**The problem**
Could you filter the material and copy every line where the word "shows" occurs?

**Working data**
(* Consider the 2-node network game with market maker payoff $\pi^M=W_{con}$. Suppose $a_1=a_2=a>0$, $c_1=c_2=c>0$, $b_1,b_2>0$ with $1<b_1/b_2\le 3$, and the line capacity $f_{12}$ satisfies $$\frac{a}{3b_1+2c}<f_{12}<\min\Big\{\frac{a}{b_2+2c},\ \frac{a}{b_1},\ f_0\Big\},$$ where $$f_0=\frac{ab_2\big[b_1+b_2+c(3-b_1/b_2)\big]}{b_1b_2(b_1+b_2)+b_1(b_1+5b_2)c+2(b_1+b_2)c^2}.$$ Then the game has no GNE.
   Context: 2-node network game. There are generators $G_1,G_2$. Generator $k$ chooses $q_k\ge 0$ and has profit $\pi^G_k=q_kp_k(q_k+r_k)-c_kq_k^2$, where $p_k(d)=a_k-b_kd$. The market maker chooses $r\in\mathbb{R}$ and sets $r_1=r$, $r_2=-r$, subject to $-q_1\le r\le q_2$ and $-f_{12}\le r\le f_{12}$. Node $k$ receives $q_k+r_k$. Consumer surplus objective. The market maker maximizes $$W_{con}(q,r)=\sum_{k=1}^2\Big(\int_0^{q_k+r_k}p_k(w)\,dw-(q_k+r_k)p_k(q_k+r_k)\Big).$$ GNE. A triple $(q_1^*,q_2^*,r^* )$ with $r^*$ feasible given $q^*$ is a GNE if both of the following hold: - each $q_k^*$ maximizes $\pi^G_k$ over $q_k\ge0$, given the other generator's quantity and $r^*$; - $r^*$ maximizes $W_{con}(q^*,\cdot)$ over the feasible set determined by $q^*$. *)

theory Defs
  imports "HOL-Analysis.Analysis"
begin

definition price :: "real \<Rightarrow> real \<Rightarrow> real \<Rightarrow> real" where
  "price a b d = a - b * d"

text \<open>Generator profit: q p(q + r) - c q^2, where r is the net import at its node.\<close>
definition gen_profit :: "real \<Rightarrow> real \<Rightarrow> real \<Rightarrow> real \<Rightarrow> real \<Rightarrow> real" where
  "gen_profit a b c q r = q * price a b (q + r) - c * q\<^sup>2"

definition node_cs :: "real \<Rightarrow> real \<Rightarrow> real \<Rightarrow> real" where
  "node_cs a b x = integral {0..x} (\<lambda>w. price a b w) - x * price a b x"

text \<open>Market maker objective W_con, with r_1 = r, r_2 = -r.\<close>
definition W_con :: "real \<Rightarrow> real \<Rightarrow> real \<Rightarrow> real \<Rightarrow> real \<Rightarrow> real \<Rightarrow> real \<Rightarrow> real" where
  "W_con a1 b1 a2 b2 q1 q2 r = node_cs a1 b1 (q1 + r) + node_cs a2 b2 (q2 + (- r))"

definition mm_feasible :: "real \<Rightarrow> real \<Rightarrow> real \<Rightarrow> real \<Rightarrow> bool" where
  "mm_feasible f q1 q2 r \<longleftrightarrow> - q1 \<le> r \<and> r \<le> q2 \<and> - f \<le> r \<and> r \<le> f"

definition is_GNE ::
  "real \<Rightarrow> real \<Rightarrow> real \<Rightarrow> real \<Rightarrow> real \<Rightarrow> real \<Rightarrow> real \<Rightarrow> real \<Rightarrow> real \<Rightarrow> real \<Rightarrow> bool" where
  "is_GNE a1 b1 c1 a2 b2 c2 f q1 q2 r \<longleftrightarrow>
     q1 \<ge> 0 \<and> q2 \<ge> 0 \<and> mm_feasible f q1 q2 r \<and>
     (\<forall>q1'. q1' \<ge> 0 \<longrightarrow> gen_profit a1 b1 c1 q1' r \<le> gen_profit a1 b1 c1 q1 r) \<and>
     (\<forall>q2'. q2' \<ge> 0 \<longrightarrow> gen_profit a2 b2 c2 q2' (- r) \<le> gen_profit a2 b2 c2 q2 (- r)) \<and>
     (\<forall>r'. mm_feasible f q1 q2 r' \<longrightarrow> W_con a1 b1 a2 b2 q1 q2 r' \<le> W_con a1 b1 a2 b2 q1 q2 r)"

end

theory Submission
  imports Defs
begin

text \<open>
  On its feasible interval the consumer surplus is the convex quadratic
  \<open>b\<^sub>1(q\<^sub>1+r)\<^sup>2/2 + b\<^sub>2(q\<^sub>2-r)\<^sup>2/2\<close> in the market maker's choice \<open>r\<close>, so at an
  equilibrium \<open>r\<close> sits at an endpoint of \<open>[max(-q\<^sub>1,-f), min(q\<^sub>2,f)]\<close>, while each
  generator plays its unique best response \<open>2(b\<^sub>k+c)q\<^sub>k = a - b\<^sub>kr\<^sub>k\<close>. The capacity window
  rules out every endpoint: a node exporting its whole output would need
  \<open>q\<^sub>k = a/(b\<^sub>k+2c) > f\<close>; with \<open>r = f\<close> node 1 produces less than \<open>f\<close> and the
  market maker prefers \<open>r = -q\<^sub>1\<close> (this is where \<open>f < f\<^sub>0\<close> enters); with \<open>r = -f\<close> it
  prefers the opposite endpoint because \<open>b\<^sub>1 > b\<^sub>2\<close>.
\<close>

definition mm_surplus :: "real \<Rightarrow> real \<Rightarrow> real \<Rightarrow> real \<Rightarrow> real \<Rightarrow> real" where
  "mm_surplus b1 b2 q1 q2 r = b1 * (q1 + r)\<^sup>2 / 2 + b2 * (q2 - r)\<^sup>2 / 2"

definition capacity_threshold :: "real \<Rightarrow> real \<Rightarrow> real \<Rightarrow> real \<Rightarrow> real" where
  "capacity_threshold a b1 b2 c = a * b2 * (b1 + b2 + c * (3 - b1 / b2)) /
     (b1 * b2 * (b1 + b2) + b1 * (b1 + 5 * b2) * c + 2 * (b1 + b2) * c\<^sup>2)"

lemma node_cs_eq:
  assumes "x \<ge> 0"
  shows "node_cs a b x = b * x\<^sup>2 / 2"
proof -
  have "\<And>w. ((\<lambda>w. a * w - b * w\<^sup>2 / 2) has_vector_derivative (a - b * w)) (at w within {0..x})"
    unfolding has_real_derivative_iff_has_vector_derivative[symmetric]
    by (auto intro!: derivative_eq_intros)
  then have "((\<lambda>w. a - b * w) has_integral
      ((a * x - b * x\<^sup>2 / 2) - (a * 0 - b * 0\<^sup>2 / 2))) {0..x}"
    by (intro fundamental_theorem_of_calculus[OF assms]) auto
  then have "integral {0..x} (price a b) = a * x - b * x\<^sup>2 / 2"
    unfolding price_def by (simp add: integral_unique)
  then show ?thesis
    unfolding node_cs_def price_def by (simp add: power2_eq_square algebra_simps)
qed

lemma mm_feasible_iff: "mm_feasible f q1 q2 r \<longleftrightarrow> max (- q1) (- f) \<le> r \<and> r \<le> min q2 f"
  unfolding mm_feasible_def by auto

lemma W_con_eq_mm_surplus:
  assumes "mm_feasible f q1 q2 r"
  shows "W_con a1 b1 a2 b2 q1 q2 r = mm_surplus b1 b2 q1 q2 r"
  using assms unfolding W_con_def mm_feasible_def mm_surplus_def by (simp add: node_cs_eq)

lemma mm_surplus_quadratic:
  "mm_surplus b1 b2 q1 q2 r =
     (b1 + b2) / 2 * r\<^sup>2 + (b1 * q1 - b2 * q2) * r + (b1 * q1\<^sup>2 + b2 * q2\<^sup>2) / 2"
  unfolding mm_surplus_def by (simp add: field_simps power2_eq_square)

lemma gen_profit_argmax:
  assumes "b + c > 0" and "b * r \<le> a"
    and max: "\<forall>q'. q' \<ge> 0 \<longrightarrow> gen_profit a b c q' r \<le> gen_profit a b c q r"
  shows "2 * (b + c) * q = a - b * r"
proof -
  define q\<^sub>0 where "q\<^sub>0 = (a - b * r) / (2 * (b + c))"
  have q\<^sub>0: "2 * (b + c) * q\<^sub>0 = a - b * r" "q\<^sub>0 \<ge> 0"
    unfolding q\<^sub>0_def using assms(1,2) by auto
  have "gen_profit a b c q\<^sub>0 r - gen_profit a b c q r
      = (q\<^sub>0 - q) * (a - b * r) - (b + c) * (q\<^sub>0\<^sup>2 - q\<^sup>2)"
    unfolding gen_profit_def price_def by (simp add: algebra_simps power2_eq_square)
  also have "\<dots> = (b + c) * (q - q\<^sub>0)\<^sup>2"
    unfolding q\<^sub>0(1)[symmetric] by (simp add: algebra_simps power2_eq_square)
  finally have "(b + c) * (q - q\<^sub>0)\<^sup>2 \<le> 0"
    using max q\<^sub>0(2) by force
  then have "q = q\<^sub>0"
    using assms(1) by (simp add: mult_le_0_iff)
  with q\<^sub>0(1) show ?thesis by simp
qed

**Answer**
  shows "node_cs a b x = b * x\<^sup>2 / 2"
  shows "W_con a1 b1 a2 b2 q1 q2 r = mm_surplus b1 b2 q1 q2 r"
  shows "2 * (b + c) * q = a - b * r"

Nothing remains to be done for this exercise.